As the size and cost of inertial sensors have decreased, they have been widely adopted. As an example of usage, inertial navigation systems, inertial measurement units and inertial guidance systems typically include multiple gyroscopes and accelerometers that enable measurement of heading and orientation well as motion change along multiple axes. Such systems are used, for example, in airplane/vessel navigation, missile guidance and unmanned aerial vehicle stabilization. Some gyroscopes are composed of mechanical components while other gyroscopes can be at least partially implemented electronically, such as by using microelectromechanical systems (MEMS).
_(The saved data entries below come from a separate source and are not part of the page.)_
lemma lasso_obj_improve_in_cball:
  fixes A :: "real ^ 'n ^ 'm" and W :: "real ^ 'n ^ 'k"
  assumes "\<alpha> \<ge> 0"
  obtains R where "R \<ge> 0"
    "\<And>w. lasso_obj A W \<alpha> y w \<le> lasso_obj A W \<alpha> y 0 \<Longrightarrow>
       \<exists>z\<in>cball 0 R. lasso_obj A W \<alpha> y z \<le> lasso_obj A W \<alpha> y w"
proof -
  obtain C where "C > 0" and C: "\<And>w. \<exists>z. A *v z = A *v w \<and> l1norm (W *v z) \<le> l1norm (W *v w) \<and>
      norm z \<le> C * norm (A *v w)"
    using lasso_bounded_representative by blast
  define f where "f = lasso_obj A W \<alpha> y"
  define R where "R = C * (2 * norm y)"
  have "\<exists>z\<in>cball 0 R. f z \<le> f w" if "f w \<le> f 0" for w
  proof -
    have "f 0 = norm y ^ 2"
      by (simp add: f_def lasso_obj_def)
    then have "norm (A *v w - y) ^ 2 \<le> norm y ^ 2"
      using that mult_nonneg_nonneg[OF \<open>\<alpha> \<ge> 0\<close> l1norm_nonneg[of "W *v w"]]
      unfolding f_def lasso_obj_def by linarith
    then have "norm (A *v w - y) \<le> norm y"
      by (rule power2_le_imp_le) simp
    then have "norm (A *v w) \<le> 2 * norm y"
      using norm_triangle_sub[of "A *v w" y] by linarith
    obtain z where z: "A *v z = A *v w" "l1norm (W *v z) \<le> l1norm (W *v w)"
      and "norm z \<le> C * norm (A *v w)"
      using C by blast
    then have "norm z \<le> R"
      using mult_left_mono[OF \<open>norm (A *v w) \<le> 2 * norm y\<close>, of C] \<open>C > 0\<close>
      unfolding R_def by linarith
    moreover have "f z \<le> f w"
      using z \<open>\<alpha> \<ge> 0\<close> by (simp add: f_def lasso_obj_def mult_left_mono)
    ultimately show ?thesis
      by auto
  qed
  moreover have "R \<ge> 0"
    using \<open>C > 0\<close> by (simp add: R_def)
  ultimately show ?thesis
    using that unfolding f_def by blast
qed

lemma lasso_minimizers_nonempty:
  fixes A :: "real ^ 'n ^ 'm" and W :: "real ^ 'n ^ 'k"
  assumes "\<alpha> \<ge> 0"
  shows "lasso_minimizers A W \<alpha> y \<noteq> {}"
proof -
  define f where "f = lasso_obj A W \<alpha> y"
  obtain R where "R \<ge> 0" and improve: "\<And>w. f w \<le> f 0 \<Longrightarrow> \<exists>z\<in>cball 0 R. f z \<le> f w"
    using lasso_obj_improve_in_cball[OF assms] unfolding f_def by blast
  then have "cball (0 :: real ^ 'n) R \<noteq> {}"
    by simp
  then obtain x where x: "\<And>z. z \<in> cball 0 R \<Longrightarrow> f x \<le> f z"
    using continuous_attains_inf[OF compact_cball _ continuous_on_lasso_obj]
    unfolding f_def by blast
  have "f x \<le> f w" for w
  proof (cases "f w \<le> f 0")
    case True
    then obtain z where "z \<in> cball 0 R" "f z \<le> f w"
      using improve by blast
    with x[of z] show ?thesis
      by linarith
  next
    case False
    with x[of 0] \<open>R \<ge> 0\<close> show ?thesis
      by simp
  qed
  then show ?thesis
    by (auto simp: lasso_minimizers_def f_def)
qed
theorem mainTheorem8:
  fixes p :: real and M :: "'g::group_add measure" and a :: 'g
    and \<gamma> :: "nat \<Rightarrow> nat" and w :: "'g \<Rightarrow> real" and c :: real
  assumes p: "p \<ge> 1"
    and haar: "discrete_left_Haar M"
    and e1: "emeasure M {0} \<ge> 1"
    and unb: "\<not> bdd_above (range \<gamma>)"
    and wpos: "\<And>x. w x > 0"
    and wbdd: "bdd_above (range w)"
    and c_def: "c = (INF n. \<Prod>k\<in>{1..\<gamma> n}. w (gpow k a))"
    and cpos: "c > 0"
  shows "\<not> sigma_porous (Lp M p) (Lp_dist M p) {f \<in> Lp M p. cmod (f 0) * c \<ge> 1}
       \<and> \<not> sigma_porous (Lp M p) (Lp_dist M p)
             (non_hypercyclic_vectors (Lp M p) (Lp_dist M p) (\<lambda>n. wtrans a w ^^ \<gamma> n))"
proof -
  obtain W where "\<And>x. w x \<le> W" using wbdd by (auto simp: bdd_above_def)
  then have W: "\<And>x. \<bar>w x\<bar> \<le> W" using wpos by (simp add: less_imp_le)
  have c_le: "c \<le> (\<Prod>k\<in>{1..\<gamma> n}. w (gpow k a))" for n
    unfolding c_def by (rule cINF_lower) (auto intro!: bdd_belowI[of _ 0] less_imp_le prod_pos wpos)
  have "\<not> sigma_porous (Lp M p) (Lp_dist M p) {f \<in> Lp M p. cmod (f 0) * c \<ge> 1}"
    by (rule not_sigma_porous_norm_value_ge[OF haar p e1 cpos])
  moreover have "{f \<in> Lp M p. cmod (f 0) * c \<ge> 1}
      \<subseteq> non_hypercyclic_vectors (Lp M p) (Lp_dist M p) (\<lambda>n. wtrans a w ^^ \<gamma> n)"
    by (rule norm_value_ge_subset_non_hypercyclic[OF haar p e1 W c_le])
  ultimately show ?thesis using sigma_porous_subset by blast
qed

end
(* Let $P_{\mathrm{T}}>0$ and $\sigma^2>0$. For a beamformer $\mathbf{w}:\mathcal{S}_{\mathrm{T}}\to\mathbb{C}^{1\times N}$ define $\mathbf{e}(\mathbf{r})=\int_{\mathcal{S}_{\mathrm{T}}} h(\mathbf{r},\mathbf{s})\mathbf{w}(\mathbf{s})\,d\mathbf{s}$ and $\mathbf{Q}=\int_{\mathcal{S}_{\mathrm{R}}}\mathbf{e}^H(\mathbf{r})\mathbf{e}(\mathbf{r})\,d\mathbf{r}$. Consider the constrained problem $$\max_{\mathbf{w}(\mathbf{s})}\ \log\det\left(\mathbf{I}_N+\frac{1}{\sigma^2}\mathbf{Q}\right)\quad\text{s.t.}\quad \int_{\mathcal{S}_{\mathrm{T}}}\|\mathbf{w}(\mathbf{s})\|^2d\mathbf{s}\le P_{\mathrm{T}},$$ and the unconstrained problem $$\max_{\mathbf{w}(\mathbf{s})}\ \widetilde{R}=\log\det\left(\mathbf{I}_N+\frac{1}{\widetilde{\sigma}^2}\mathbf{Q}\right),\qquad \widetilde{\sigma}^2=\frac{\sigma^2}{P_{\mathrm{T}}}\int_{\mathcal{S}_{\mathrm{T}}}\|\mathbf{w}(\mathbf{s})\|^2d\mathbf{s}.$$ Let $\mathbf{w}^{\dagger}(\mathbf{s})$ denote an optimal solution of the unconstrained problem. Then an optimal solution of the constrained problem is $$\mathbf{w}^{\star}(\mathbf{s})=\sqrt{\frac{P_{\mathrm{T}}}{\int_{\mathcal{S}_{\mathrm{T}}}\|\mathbf{w}^{\dagger}(\mathbf{s})\|^2d\mathbf{s}}}\,\mathbf{w}^{\dagger}(\mathbf{s}).$$
   Context: $\mathcal{S}_{\mathrm{T}},\mathcal{S}_{\mathrm{R}}\subset\mathbb{R}^3$ are bounded planar rectangular surfaces with surface (Lebesgue) integration, $h:\mathcal{S}_{\mathrm{R}}\times\mathcal{S}_{\mathrm{T}}\to\mathbb{C}$ is a bounded channel kernel, beamformers $\mathbf{w}(\mathbf{s})=[w_1(\mathbf{s}),\dots,w_N(\mathbf{s})]\in\mathbb{C}^{1\times N}$ are square-integrable on $\mathcal{S}_{\mathrm{T}}$ (nonzero in the unconstrained problem so that $\widetilde{\sigma}^2>0$), and $\|\cdot\|$ is the Euclidean norm. *)

theory Defs
  imports "HOL-Analysis.Analysis"
begin

definition rect_param :: "real^3 \<Rightarrow> real^3 \<Rightarrow> real^3 \<Rightarrow> real \<times> real \<Rightarrow> real^3" where
  "rect_param c a b = (\<lambda>(u, v). c + u *\<^sub>R a + v *\<^sub>R b)"

definition valid_rect :: "real^3 \<Rightarrow> real^3 \<Rightarrow> real \<Rightarrow> real \<Rightarrow> bool" where
  "valid_rect a b L1 L2 \<longleftrightarrow> norm a = 1 \<and> norm b = 1 \<and> a \<bullet> b = 0 \<and> L1 > 0 \<and> L2 > 0"

definition rect_set :: "real^3 \<Rightarrow> real^3 \<Rightarrow> real^3 \<Rightarrow> real \<Rightarrow> real \<Rightarrow> (real^3) set" where
  "rect_set c a b L1 L2 = rect_param c a b ` cbox (0, 0) (L1, L2)"

text \<open>Surface (area) measure on the rectangle: push-forward of 2D Lebesgue measure on the
  parameter box under the isometric parametrisation (= 2D Hausdorff measure on the surface).\<close>

definition rect_measure :: "real^3 \<Rightarrow> real^3 \<Rightarrow> real^3 \<Rightarrow> real \<Rightarrow> real \<Rightarrow> (real^3) measure" where
  "rect_measure c a b L1 L2 =
     distr (restrict_space lborel (cbox (0, 0) (L1, L2))) borel (rect_param c a b)"

text \<open>Beamformers w(s) in C^{1 x N}, represented as vectors complex^'n (N = CARD('n)).\<close>

definition admissible :: "(real^3) measure \<Rightarrow> (real^3 \<Rightarrow> complex^'n) \<Rightarrow> bool" where
  "admissible M w \<longleftrightarrow> w \<in> borel_measurable M \<and> integrable M (\<lambda>s. (norm (w s))\<^sup>2)"

definition energy :: "(real^3) measure \<Rightarrow> (real^3 \<Rightarrow> complex^'n) \<Rightarrow> real" where
  "energy M w = (\<integral>s. (norm (w s))\<^sup>2 \<partial>M)"

definition beam_e :: "(real^3) measure \<Rightarrow> (real^3 \<Rightarrow> real^3 \<Rightarrow> complex)
    \<Rightarrow> (real^3 \<Rightarrow> complex^'n) \<Rightarrow> real^3 \<Rightarrow> complex^'n" where
  "beam_e MT h w r = (\<chi> i. \<integral>s. h r s * w s $ i \<partial>MT)"

definition gram_Q :: "(real^3) measure \<Rightarrow> (real^3) measure \<Rightarrow> (real^3 \<Rightarrow> real^3 \<Rightarrow> complex)
    \<Rightarrow> (real^3 \<Rightarrow> complex^'n) \<Rightarrow> complex^'n^'n" where
  "gram_Q MR MT h w = (\<chi> i j. \<integral>r. cnj (beam_e MT h w r $ i) * beam_e MT h w r $ j \<partial>MR)"

text \<open>log det (I + Q / s2); the determinant is real and positive for Hermitian PSD Q,
  so we take the natural log of its real part.\<close>
definition logdet_rate :: "real \<Rightarrow> complex^'n^'n \<Rightarrow> real" where
  "logdet_rate s2 Q = ln (Re (det (mat 1 + (1 / s2) *\<^sub>R Q)))"

end

theory Submission
  imports Defs "HOL-Computational_Algebra.Fundamental_Theorem_Algebra"
begin

(* Scaling a beamformer by c scales both Q and its energy by c^2, so the unconstrained objective
   is scale invariant, and at the rescaled beamformer of energy exactly P_T it equals the
   constrained objective.  For feasible w the effective noise (sigma^2/P_T) * energy w is at most
   sigma^2, and s |-> log det (I + Q / s) is antitone for positive semidefinite Q: if
   (I + z Q) x = 0 with x <> 0 then |x|^2 + z x^H Q x = 0, so all roots r_k of the polynomial
   z |-> det (I + z Q) are negative reals and det (I + t Q) = prod (1 - t / r_k) grows with t >= 0.
   Feasible beamformers of zero energy, excluded from the unconstrained problem, give Q = 0. *)

lemma poly_mono_if_neg_real_roots:
  fixes p :: "complex poly"
  assumes p0: "poly p 0 = 1"
    and roots: "\<And>z. poly p z = 0 \<Longrightarrow> Im z = 0 \<and> Re z < 0"
    and t: "0 \<le> t1" "t1 \<le> t2"
  shows "1 \<le> Re (poly p (of_real t1)) \<and> Re (poly p (of_real t1)) \<le> Re (poly p (of_real t2))"
proof -
  obtain root where decomp: "smult (lead_coeff p) (\<Prod>i<degree p. [:-root i, 1:]) = p"
    by (rule complex_poly_decompose')
  define c where "c = lead_coeff p"
  have poly_p: "poly p z = c * (\<Prod>i<degree p. z - root i)" for z
    by (subst decomp [symmetric]) (simp add: c_def poly_prod)
  have root: "Im (root i) = 0 \<and> Re (root i) < 0" if "i < degree p" for i
    using roots [of "root i"] that by (auto simp: poly_p prod_zero_iff)
  define g where "g t = (\<Prod>i<degree p. t - Re (root i))" for t
  have poly_p_real: "poly p (of_real t) = c * of_real (g t)" for t
    unfolding poly_p g_def of_real_prod
    by (intro arg_cong [where f = "(*) c"] prod.cong) (simp_all add: complex_eq_iff root)
  have g_pos: "0 < g t" if "0 \<le> t" for t
    unfolding g_def using that by (intro prod_pos) (force dest: root)
  have g_mono: "g s \<le> g t" if "0 \<le> s" "s \<le> t" for s t
    unfolding g_def using that by (intro prod_mono) (force dest: root)
  have "c * of_real (g 0) = 1"
    using p0 poly_p_real [of 0] by simp
  then have "c = of_real (1 / g 0)"
    using g_pos [of 0] by (simp add: eq_divide_eq)
  then have "Re (poly p (of_real t)) = g t / g 0" for t
    by (simp add: poly_p_real)
  then show ?thesis
    using g_pos [of 0] g_mono [of 0 t1] g_mono [of t1 t2] t by (simp add: divide_right_mono)
qed

lemma mat_mult_nth: "(mat z ** Q) $ i $ j = z * Q $ i $ j"
  for Q :: "'a::comm_ring_1^'n::finite^'m::finite"
  unfolding matrix_matrix_mult_def mat_def by (simp add: if_distrib [of "\<lambda>a. a * _"] cong: if_cong)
One of the limitations in the application of inexpensive gyroscopes is the errors that affect the inertial sensor measurements such as gyroscope bias, accelerometer scale error and vibration rectification coefficients. As an example, there is uncertainty in the bias values for gyroscopes as they cycle from turn-on to turn-on. Such bias affects the accuracy and limits the usefulness of the measured signals and the ensuing applications. One prior solution to bias uncertainty was to place the system into a non-rotational environment to allow the bias to be measured prior to operation of the system. For this initialization process, the system is not rotating and any sensed rotation must be the bias and thus can be removed during processing. For certain applications, such as moving vehicles/vessels and airborne assets, such an initialization environment cannot be easily provided. There is a need, therefore, for a system and method in which the gyroscope bias and other inertial sensor errors can be determined in a dynamic or moving environment. Any such solution opens up the potential to use inexpensive gyroscopes in further applications and with greater accuracy.